Extracted entries:
(* Let \<pi> couple \<mu> with the centred \<nu>. Transporting \<pi> along x \<mapsto> l (x - a) gives a
   coupling of the affine image of \<mu> whose Kantorovich gap \<integral><x, y - x> equals
   l \<integral><x,y> d\<pi> - l^2 \<integral>|x - a|^2 d\<mu>. Choosing l to make the gap vanish puts the image
   into M^K_\<nu>; its variance is l^2 Var \<mu>, so for a variance maximiser \<mu>* whose image
   stays in D this forces l \<le> 1.
   For the first claim take a = 0 (the cone suffices) and \<pi> = \<pi>*: since \<mu>* \<preceq>_K \<nu>,
   some coupling attains \<integral>|x|^2 d\<mu>*, so l = \<integral><x,y> d\<pi>* / \<integral>|x|^2 d\<mu>* \<ge> 1.
   For the second take a = mean \<mu>* and that coupling, so l = \<integral>|x|^2 d\<mu>* / Var \<mu>* \<ge> 1.
   Hence l = 1 in both cases. If Var \<mu>* = 0, then \<mu>* is a Dirac mass and every coupling
   has \<integral><x,y> = 0 because \<nu> is centred. *)

lemma borel_measurable_continuous_on_sets_borel:
  fixes f :: "'a::topological_space \<Rightarrow> 'b::topological_space"
  assumes "sets M = sets borel" "continuous_on UNIV f"
  shows "f \<in> borel_measurable M"
  by (simp add: measurable_cong_sets[OF assms(1) refl] borel_measurable_continuous_onI assms(2))

lemma P2D:
  assumes "\<mu> \<in> P2"
  shows "sets \<mu> = sets borel" "prob_space \<mu>" "integrable \<mu> (\<lambda>x. norm x ^ 2)"
  using assms unfolding P2_def by auto

lemma P2_integrable_id:
  assumes "\<mu> \<in> P2"
  shows "integrable \<mu> (\<lambda>x. x)"
proof -
  interpret prob_space \<mu> using P2D(2)[OF assms] .
  have id: "(\<lambda>x. x) \<in> borel_measurable \<mu>"
    by (rule borel_measurable_continuous_on_sets_borel[OF P2D(1)[OF assms] continuous_on_id])
  have "integrable \<mu> (\<lambda>x. norm x)"
    by (rule square_integrable_imp_integrable
        [OF measurable_compose[OF id borel_measurable_norm] P2D(3)[OF assms]])
  then show ?thesis using integrable_norm_iff[OF id] by simp
qed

Task brief: Copy whichever lines of the records above contain the word "centred".

Written answer:
(* Let \<pi> couple \<mu> with the centred \<nu>. Transporting \<pi> along x \<mapsto> l (x - a) gives a
   has \<integral><x,y> = 0 because \<nu> is centred. *)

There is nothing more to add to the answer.